3.5 ∣. Evaluation of TGF-β/Smad signaling

The TGF- β3/Smad signaling pathway was evaluated for cells cultured on gelatin and pSC and NaCS containing gelatin scaffolds loaded with and without TGF- β3 in CCM⁻ media condition for 7 days. Gene expression for TGF-β receptors, TGF- βRI and TGF- βRII, were evaluated. Later, the cultures were subjected to TGF- βRI kinase inhibitor which blocks the downstream process of TGF- β/Smad2/3 signaling to assess the role of TGF- β/Smad2/3 signaling for cells on cellulose sulfate scaffolds.

Gene expression for TGF- βRI was similar for cells cultured on all scaffolds regardless of the presence of TGF-β3 (Figure 6A). Significant difference in TGF-βRII expression was determined where the least was detected for cells cultured on gelatin only scaffolds without TGF- β3. Cells cultured on NaCS containing gelatin scaffolds loaded with TGF- β3 showed enhanced expression of TGF- βRII. The ratio of TGF- βRII to TGF- βRI increased with the addition of TGF- β3 for all scaffold groups. The highest ratio was determined on scaffolds containing NaCS loaded with TGF- β3 followed by pSC containing scaffold loaded with TGF- β3. The least ratio was observed on cells cultured on gelatin only scaffolds without TGF-β3. Cells cultured on NaCS scaffolds without TGF- β3 also showed a higher ratio of TGF-βRII to TGF-βRI in comparison to gelatin and pSC scaffolds without loaded TGF-β3. Immunostaining for Smad2/3 revealed the presence of Smad2/3 for cells cultured on all the scaffolds with or without the presence of TGF- βRI kinase inhibitor (Figure 6B). A stronger immunostaining appeared for pSmad2/3 for cells cultured on scaffolds containing pSC and NaCS as compared to gelatin only scaffolds loaded with TGF-β3. However, pSmad2/3 staining was weak or not present for cells cultured on all scaffolds in the presence of the inhibitor. By western blot (Figure 6C,D), the phosphorylation of Smad2/3 was reduced in the case of pSC and NaCS containing scaffold groups in the presence of inhibitor with or without TGF- β3 loading. For cells on gelatin scaffolds, pSmad2/3 levels did not reduce in the presence of the TGF- βRI kinase inhibitor, indicating smad2/3 signaling is not dependent on TGF-β receptors.

FIGURE 6.

(A) Gene expression of TGF- βRI and TGF- βRII normalized to RPLPO and ratio of TGF-βRII to TGF-βRI for cells cultured on gelatin and gelatin containing cellulose sulfate scaffolds with and without TGF- β3 loading. (Values are Mean ± SD, n = 3 per group) *Significantly higher than all other scaffolds in both conditions. ^#Significantly lower than all other scaffolds with and without TGF- β3 loading. ^@Significantly higher than pSC containing scaffolds without TGF- β3 loading. (p < .05) (B) Immunofluorescent staining of Smad2/3 (green) and pSmad2/3 (green) for cells cultured on gelatin and gelatin containing cellulose sulfate scaffolds loaded with and without TGF- β3 in presence or absence of TGF- βRI kinase inhibitor. Nuclei (DAPI, Blue). 100× Magnification (C) Western blot for protein expression of pSmad2/3 and total Smad2/3 (D) Relative intensity of pSmad2/3 normalized to Smad2/3 for cells cultured on gelatin and gelatin containing cellulose sulfate scaffolds with and without loaded TGF-β3 in presence or absence of TGF- βRI kinase inhibitor. (Values are Mean ± SD, n = 3 per group) ^#Significantly lower than cells cultured on the same scaffold w/o inhibitor. ^@Significantly lower than cells cultured on TGF- β3 loaded scaffold with inhibitor. (p < .05)
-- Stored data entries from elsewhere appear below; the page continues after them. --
lemma I021_inv_seqs: "e \<in> I021 n \<Longrightarrow> e \<in> inv_seqs n"
  by (simp add: I021_def)

lemma I021_length: "e \<in> I021 n \<Longrightarrow> length e = n"
  by (simp add: I021_def inv_seqs_def)

lemma I021_nth_0: "e \<in> I021 n \<Longrightarrow> 0 < n \<Longrightarrow> e ! 0 = 0"
  by (force simp: I021_def inv_seqs_def)

lemma I021_positive_mono:
  assumes "e \<in> I021 n" "j < k" "k < n" "0 < e ! j" "0 < e ! k"
  shows "e ! j \<le> e ! k"
proof (rule ccontr)
  assume "\<not> e ! j \<le> e ! k"
  moreover have "0 < j"
    using assms I021_nth_0[OF assms(1)] by (cases j) auto
  ultimately have "\<exists>i j k. i < j \<and> j < k \<and> k < length e \<and> e ! i < e ! k \<and> e ! k < e ! j"
    using assms I021_nth_0[OF assms(1)] I021_length[OF assms(1)]
    by (intro exI[of _ 0] exI[of _ j] exI[of _ k]) auto
  with assms(1) show False unfolding I021_def avoids021_def by blast
qed

lemma prefix_max_I021:
  assumes "e \<in> I021 n" "i < n" "e ! i \<noteq> 0"
  shows "prefix_max e i = e ! i"
proof -
  obtain j where j: "j \<le> i" "prefix_max e i = e ! j"
    using prefix_max_attained by blast
  have "e ! j \<le> e ! i"
    using I021_positive_mono[OF assms(1), of j i] j assms by (cases "j = i \<or> e ! j = 0") auto
  with j nth_le_prefix_max[of i i e] show ?thesis by simp
qed

lemma outline_eq:
  assumes "e \<in> I021 n"
  shows "outline e = (map (prefix_max e) [0..<n], map (\<lambda>i. e ! i = 0) [0..<n])"
proof -
  have len: "length e = n" using I021_length[OF assms] .
  have "Max (set (take (Suc i) e)) = prefix_max e i" if "i < n" for i
  proof -
    have "set (take (Suc i) e) = (!) e ` {..<Suc i}"
      using nth_image[of "Suc i" e] that len by (simp add: atLeast0LessThan)
    then show ?thesis by (simp add: prefix_max_def lessThan_Suc_atMost)
  qed
  then show ?thesis
    unfolding outline_def len using prefix_max_I021[OF assms] by (auto intro!: map_cong)
qed

lemma outline_in_A_paths:
  assumes e: "e \<in> I021 n"
  shows "outline e \<in> A_paths n"
proof -
  have "sorted (map (prefix_max e) [0..<n])"
    using monoD[OF prefix_max_mono] by (auto simp: sorted_iff_nth_mono)
  moreover have "\<forall>i<n. prefix_max e i \<le> i"
    using prefix_max_le_index[OF I021_inv_seqs[OF e]] by blast
  moreover have "\<forall>i<n. prefix_max e i = 0 \<longrightarrow> e ! i = 0"
    using prefix_max_I021[OF e] by force
  moreover have "\<forall>i<n. 0 < prefix_max e i \<and> (\<forall>j<i. prefix_max e j \<noteq> prefix_max e i)
                   \<longrightarrow> e ! i \<noteq> 0"
  proof (intro allI impI notI)
    fix i assume "0 < prefix_max e i \<and> (\<forall>j<i. prefix_max e j \<noteq> prefix_max e i)" "e ! i = 0"
    then show False using prefix_max_less_attained_earlier[of e i] by auto
  qed
  ultimately show ?thesis
    unfolding outline_eq[OF e] A_paths_def colored_dyck_def by auto
qed

definition path_to_inv :: "cdyck \<Rightarrow> nat list" where
  "path_to_inv D = map (\<lambda>i. if snd D ! i then 0 else fst D ! i) [0..<length (fst D)]"

lemma path_to_inv_outline:
  assumes "e \<in> I021 n"
  shows "path_to_inv (outline e) = e"
  unfolding outline_eq[OF assms] path_to_inv_def
  by (rule nth_equalityI) (auto simp: I021_length[OF assms] prefix_max_I021[OF assms])

lemma path_to_inv_in_I021:
  assumes "(d, c) \<in> colored_dyck n"
  shows "path_to_inv (d, c) \<in> I021 n"
proof -
  let ?e = "path_to_inv (d, c)"
  have len: "length d = n" and sorted: "sorted d" and below: "\<And>i. i < n \<Longrightarrow> d ! i \<le> i"
    using assms by (auto simp: colored_dyck_def)
  have nth: "\<And>i. i < n \<Longrightarrow> ?e ! i = (if c ! i then 0 else d ! i)"
    by (simp add: path_to_inv_def len)
  have "?e \<in> inv_seqs n"
    using nth below by (force simp: inv_seqs_def path_to_inv_def len)
  moreover have "avoids021 ?e"
    unfolding avoids021_def
  proof
    assume "\<exists>i j k. i < j \<and> j < k \<and> k < length ?e \<and> ?e ! i < ?e ! k \<and> ?e ! k < ?e ! j"
    then obtain i j k where ijk: "i < j" "j < k" "k < n" "?e ! i < ?e ! k" "?e ! k < ?e ! j"
      by (auto simp: path_to_inv_def len)
    have "?e ! k = d ! k" using nth[of k] ijk by (auto split: if_splits)
    moreover have "d ! j \<le> d ! k" using sorted ijk len by (simp add: sorted_iff_nth_mono)
    moreover have "?e ! j \<le> d ! j" using nth[of j] ijk by simp
    ultimately show False using ijk by simp
  qed
  ultimately show ?thesis by (simp add: I021_def)
qed

text \<open>Condition (c-2) is what makes the height of a red step reachable: the first step at that
height is black and hence survives in \<open>path_to_inv\<close>.\<close>

lemma prefix_max_path_to_inv:
  assumes D: "(d, c) \<in> A_paths n" and i: "i < n"
  shows "prefix_max (path_to_inv (d, c)) i = d ! i"
proof -
  let ?e = "path_to_inv (d, c)"
  have len: "length d = n" and sorted: "sorted d"
    and first_black: "\<And>j. j < n \<Longrightarrow> 0 < d ! j \<Longrightarrow> \<forall>j'<j. d ! j' \<noteq> d ! j \<Longrightarrow> \<not> c ! j"
    using D by (auto simp: A_paths_def colored_dyck_def)
  have nth: "\<And>j. j < n \<Longrightarrow> ?e ! j = (if c ! j then 0 else d ! j)"
    by (simp add: path_to_inv_def len)
  have "prefix_max ?e i \<le> d ! i"
  proof -
    obtain j where "j \<le> i" "prefix_max ?e i = ?e ! j"
      using prefix_max_attained by blast
    moreover have "d ! j \<le> d ! i"
      using sorted \<open>j \<le> i\<close> i len by (simp add: sorted_iff_nth_mono)
    ultimately show ?thesis using nth[of j] i by auto
  qed
  moreover have "d ! i \<le> prefix_max ?e i"
  proof (cases "d ! i = 0")
    case False
    define j where "j = (LEAST j. d ! j = d ! i)"
    have "d ! j = d ! i" "j \<le> i"
      unfolding j_def by (auto intro: LeastI Least_le)
    moreover have "\<forall>j'<j. d ! j' \<noteq> d ! j"
      using not_less_Least \<open>d ! j = d ! i\<close> unfolding j_def by metis
    ultimately have "?e ! j = d ! i"
      using first_black[of j] nth[of j] i False by auto
    with \<open>j \<le> i\<close> show ?thesis by (metis nth_le_prefix_max)
  qed simp
  ultimately show ?thesis by simp
qed

lemma outline_path_to_inv:
  assumes D: "(d, c) \<in> A_paths n"
  shows "outline (path_to_inv (d, c)) = (d, c)"
proof -
  let ?e = "path_to_inv (d, c)"
  have in_I021: "?e \<in> I021 n"
    using D path_to_inv_in_I021 by (simp add: A_paths_def)
  have len: "length d = n" "length c = n"
    and black_positive: "\<And>i. i < n \<Longrightarrow> \<not> c ! i \<Longrightarrow> 0 < d ! i"
    using D by (auto simp: A_paths_def colored_dyck_def)
  have "map (prefix_max ?e) [0..<n] = d"
    by (rule nth_equalityI) (simp_all add: len prefix_max_path_to_inv[OF D])
  moreover have "map (\<lambda>i. ?e ! i = 0) [0..<n] = c"
    by (rule nth_equalityI) (auto simp: len path_to_inv_def black_positive)
  ultimately show ?thesis
    by (simp add: outline_eq[OF in_I021])
qed

lemma bij_betw_outline: "bij_betw outline (I021 n) (A_paths n)"
proof (rule bij_betw_byWitness[where f' = path_to_inv])
  show "\<forall>e\<in>I021 n. path_to_inv (outline e) = e"
    using path_to_inv_outline by blast
  show "\<forall>D\<in>A_paths n. outline (path_to_inv D) = D"
    using outline_path_to_inv by fast
  show "outline ` I021 n \<subseteq> A_paths n"
    using outline_in_A_paths by blast
  show "path_to_inv ` A_paths n \<subseteq> I021 n"
    using path_to_inv_in_I021 by (fastforce simp: A_paths_def)
qed

lemma card_strict_ascents_mono:
  fixes f :: "nat \<Rightarrow> 'a::linorder"
  assumes "mono f"
  shows "card {i. i < m \<and> f i < f (Suc i)} = card (f ` {..m} - {f 0})"
proof (induction m)
  case 0
  then show ?case by simp
next
  case (Suc m)
  have image: "f ` {..Suc m} - {f 0} = insert (f (Suc m)) (f ` {..m} - {f 0}) - {f 0}"
    by (auto simp: atMost_Suc)
  show ?case
  proof (cases "f m < f (Suc m)")
    case True
    have "{i. i < Suc m \<and> f i < f (Suc i)} = insert m {i. i < m \<and> f i < f (Suc i)}"
      using True by auto
    moreover have "f (Suc m) \<notin> f ` {..m}"
      using True monoD[OF assms] by (fastforce simp: not_less[symmetric])
    moreover have "f (Suc m) \<noteq> f 0"
      using True monoD[OF assms, of 0 m] by auto
    ultimately show ?thesis
      using Suc.IH image by simp
  next
    case False
    then have "f (Suc m) = f m"
      using monoD[OF assms, of m "Suc m"] by simp
    moreover have "{i. i < Suc m \<and> f i < f (Suc i)} = {i. i < m \<and> f i < f (Suc i)}"
      using False less_Suc_eq by auto
    moreover have "insert (f m) (f ` {..m} - {f 0}) - {f 0} = f ` {..m} - {f 0}"
      by auto
    ultimately show ?thesis
      using Suc.IH image by simp
  qed
qed

lemma zero_eq_red:
  assumes "e \<in> I021 n"
  shows "zero e = red (outline e)"
  unfolding zero_def red_def outline_eq[OF assms]
  by (simp add: I021_length[OF assms] cong: conj_cong)

lemma ema_eq_return:
  assumes "e \<in> I021 n"
  shows "ema e = return (outline e)"
  unfolding ema_def return_def outline_eq[OF assms]
  using prefix_max_eq_index_iff[OF I021_inv_seqs[OF assms]]
  by (simp add: I021_length[OF assms] cong: conj_cong)

lemma ascent_iff_segment_start:
  assumes "e \<in> I021 n" "Suc k < n"
  shows "e ! k < e ! Suc k \<longleftrightarrow>
         e ! Suc k \<noteq> 0 \<and> (e ! k = 0 \<or> prefix_max e k \<noteq> prefix_max e (Suc k))"
  using prefix_max_I021[OF assms(1), of k] prefix_max_I021[OF assms(1), of "Suc k"]
    I021_positive_mono[OF assms(1), of k "Suc k"] assms(2)
  by (cases "e ! k = 0") auto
3.6 ∣. Evaluation of in vitro chondrogenesis under dynamic loading conditions

The cells were cultured on the gelatin and gelatin containing pSC and NaCS scaffolds with loaded TGF-β3 in static conditions for 14 days, and then were placed in the bioreactor for 14 days where they were subjected to dynamic compression with perfusion (for a total of 28 days in culture). A shiny tissue was present on all scaffolds (Figure 7A-C). No statistical differences in cell numbers were detected over time for cells on gelatin scaffolds and pSC containing scaffolds by day 28 (Figure 7D). However, a significant increase in cell number was determined for cells on scaffolds containing NaCS by day 28 in comparison to day 0 (Figure 7D).

FIGURE 7.

Cells cultured on scaffolds loaded with TGF-β3 and subjected to dynamic loading conditions in the bioreactor (a total of 28 days in culture - 14 days of static culture followed by 14 days of dynamic loading with perfusion) on (A) gelatin, (B) gelatin containing pSC scaffolds, and (C) gelatin containing NaCS scaffolds. Cells cultured on gelatin and gelatin scaffolds containing pSC and NaCS loaded with TGF-β3 in bioreactor. (D) Fold change in cell number with respect to day 0. (E) Collagen type I (Col I). (F) Collagen type II (Col II). (G) Ratio of collagen types II to I. (H) Aggrecan (Agg). *Significantly different than all other scaffolds at same time point, **Significantly higher than gelatin scaffold groups at same time point, ^aSignificantly different than day 14 in same scaffold group, ^bSignificantly different than day 21 in same scaffold group, ^cSignificantly different than day 28 in same scaffold group. (p < .05) (Values are Mean ± SD, n = 3 per group per time point)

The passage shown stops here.